◆ **Data for the task**
-- Opening Marker --

lemma tangent_space_Vdn_commutator:
  fixes Q :: "(complex^'n^'n)^'d"
  assumes "Z \<in> tangent_space Vdn Q"
  shows "commutator (Q $ r) (Z $ s) = commutator (Q $ s) (Z $ r)"
proof -
  obtain \<gamma> where \<gamma>: "\<gamma> 0 = Q" "\<And>t. \<gamma> t \<in> Vdn" "(\<gamma> has_vector_derivative Z) (at 0)"
    using assms by (auto simp: tangent_space_def)
  have d: "((\<lambda>t. \<gamma> t $ r) has_vector_derivative Z $ r) (at 0)" for r
    using bounded_linear.has_vector_derivative[OF bounded_linear_vec_nth \<gamma>(3)] .
  have "((\<lambda>t. \<gamma> t $ r ** \<gamma> t $ s) has_vector_derivative Q $ r ** Z $ s + Z $ r ** Q $ s) (at 0)"
    using has_vector_derivative_matrix_mult[OF d d] \<gamma>(1) by simp
  moreover have "(\<lambda>t. \<gamma> t $ r ** \<gamma> t $ s) = (\<lambda>t. \<gamma> t $ s ** \<gamma> t $ r)"
    using \<gamma>(2) by (simp add: Vdn_def)
  then have "((\<lambda>t. \<gamma> t $ r ** \<gamma> t $ s) has_vector_derivative Q $ s ** Z $ r + Z $ s ** Q $ r) (at 0)"
    using has_vector_derivative_matrix_mult[OF d d] \<gamma>(1) by simp
  ultimately have "Q $ r ** Z $ s + Z $ r ** Q $ s = Q $ s ** Z $ r + Z $ s ** Q $ r"
    by (rule vector_derivative_unique_at)
  then show ?thesis
    by (simp add: commutator_def algebra_simps)
qed

lemma commutator_add_right: "commutator X (Y + Y') = commutator X Y + commutator X Y'"
  by (simp add: commutator_def matrix_add_ldistrib matrix_add_rdistrib)

lemma commutator_diff_right: "commutator X (Y - Y') = commutator X Y - commutator X Y'"
  by (simp add: commutator_def matrix_diff_ldistrib matrix_diff_rdistrib)

lemma commutator_scaleR_right: "commutator X (c *\<^sub>R Y) = c *\<^sub>R commutator X Y"
  by (simp add: commutator_def matrix_scalar_ac scalar_matrix_assoc[symmetric] scaleR_diff_right)

lemma commutator_0_right: "commutator X 0 = 0"
  by (simp add: commutator_def)

definition linearized_commuting :: "(complex^'n^'n)^'d \<Rightarrow> ((complex^'n^'n)^'d) set" where
  "linearized_commuting Q =
    {Z. \<forall>r s. r \<noteq> s \<longrightarrow> commutator (Q $ r) (Z $ s) = commutator (Q $ s) (Z $ r)}"

lemma subspace_linearized_commuting: "subspace (linearized_commuting Q)"
  unfolding subspace_def linearized_commuting_def
  by (auto simp: commutator_add_right commutator_scaleR_right commutator_0_right)

lemma subspace_linearized_commuting_upper_triangular:
  "subspace {Z \<in> linearized_commuting Q. \<forall>r. upper_triangular (Z $ r)}"
  using subspace_linearized_commuting[of Q]
  by (simp add: subspace_def upper_triangular_0 upper_triangular_add upper_triangular_scaleR)

section \<open>Dimension counts\<close>

lemma dim_image_eq_if_kernel_trivial:
  fixes f :: "'a::euclidean_space \<Rightarrow> 'b::euclidean_space"
  assumes "linear f" and "subspace S" and "\<And>x. x \<in> S \<Longrightarrow> f x = 0 \<Longrightarrow> x = 0"
  shows "dim (f ` S) = dim S"
proof -
  have "inj_on f S"
    using assms by (simp add: linear_inj_on_iff_eq_0)
  then have "inj_on f (span S)"
    using assms(2) by (simp add: span_eq_iff[THEN iffD2])
  then show ?thesis
    by (rule dim_image_eq[OF assms(1)])
qed

lemma dim_matrices_vanishing_outside:
  fixes P :: "('n::finite \<times> 'm::finite) set"
  shows "dim {M :: 'a::euclidean_space^'m^'n. \<forall>i j. (i, j) \<notin> P \<longrightarrow> M $ i $ j = 0}
    = card P * DIM('a)"
proof -
  define e :: "('n \<times> 'm) \<times> 'a \<Rightarrow> 'a^'m^'n" where "e = (\<lambda>((i, j), u). axis i (axis j u))"
  have inj_e: "inj_on e (UNIV \<times> Basis)"
    by (auto simp: inj_on_def e_def axis_eq_axis nonzero_Basis)
  have Basis_eq: "Basis = e ` (UNIV \<times> Basis)"
    by (force simp: e_def Basis_vec_def image_iff)
  have "{M :: 'a^'m^'n. \<forall>i j. (i, j) \<notin> P \<longrightarrow> M $ i $ j = 0}
      = {M. \<forall>b\<in>Basis. b \<notin> e ` (P \<times> Basis) \<longrightarrow> M \<bullet> b = 0}"
  proof -
    have "e ((i, j), u) \<notin> e ` (P \<times> Basis) \<longleftrightarrow> (i, j) \<notin> P" if "u \<in> Basis" for i j u
      using that inj_onD[OF inj_e] by fastforce
    then have "(\<forall>b\<in>Basis. b \<notin> e ` (P \<times> Basis) \<longrightarrow> M \<bullet> b = 0)
        \<longleftrightarrow> (\<forall>i j. (i, j) \<notin> P \<longrightarrow> (\<forall>u\<in>Basis. M $ i $ j \<bullet> u = 0))" for M :: "'a^'m^'n"
      unfolding Basis_eq by (auto simp: e_def inner_axis)
    then show ?thesis
      by (simp add: euclidean_all_zero_iff)
  qed
  also have "dim \<dots> = card (e ` (P \<times> Basis))"
    by (rule dim_substandard) (auto simp: Basis_eq)
  also have "\<dots> = card (P \<times> (Basis :: 'a set))"
    by (rule card_image, rule inj_on_subset[OF inj_e]) auto
  also have "\<dots> = card P * DIM('a)"
    by (simp add: card_cartesian_product)
  finally show ?thesis .
qed

lemma card_upper_triangle: "2 * card {(i, j). (i :: 'n::{finite,linorder}) \<le> j} = CARD('n)^2 + CARD('n)"
proof -
  define U where "U = {(i, j). (i :: 'n) \<le> j}"
  have "U \<union> prod.swap ` U = UNIV"
    by (auto simp: U_def image_iff)
  moreover have "U \<inter> prod.swap ` U = range (\<lambda>i. (i, i))"
    by (auto simp: U_def)
  moreover have "card U + card (prod.swap ` U) = card (U \<union> prod.swap ` U) + card (U \<inter> prod.swap ` U)"
    by (rule card_Un_Int) simp_all
  moreover have "card (prod.swap ` U) = card U"
    by (rule card_image[OF inj_swap])
  ultimately have "2 * card U = CARD('n \<times> 'n) + CARD('n)"
    by (simp add: card_image inj_on_def)
  then show ?thesis
    using card_cartesian_product[of "UNIV :: 'n set" "UNIV :: 'n set"]
    by (simp add: U_def power2_eq_square)
qed

lemma subspace_upper_triangular: "subspace {M. upper_triangular M}"
  by (simp add: subspace_def upper_triangular_0 upper_triangular_add upper_triangular_scaleR)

-- Closing Marker --

◆ **Task prompt**
The answer should consist solely of the lines from the first line above through the one with "obtain \<gamma> where", both included, repeated exactly.

◆ **Task output**
lemma tangent_space_Vdn_commutator:
  fixes Q :: "(complex^'n^'n)^'d"
  assumes "Z \<in> tangent_space Vdn Q"
  shows "commutator (Q $ r) (Z $ s) = commutator (Q $ s) (Z $ r)"
proof -
  obtain \<gamma> where \<gamma>: "\<gamma> 0 = Q" "\<And>t. \<gamma> t \<in> Vdn" "(\<gamma> has_vector_derivative Z) (at 0)"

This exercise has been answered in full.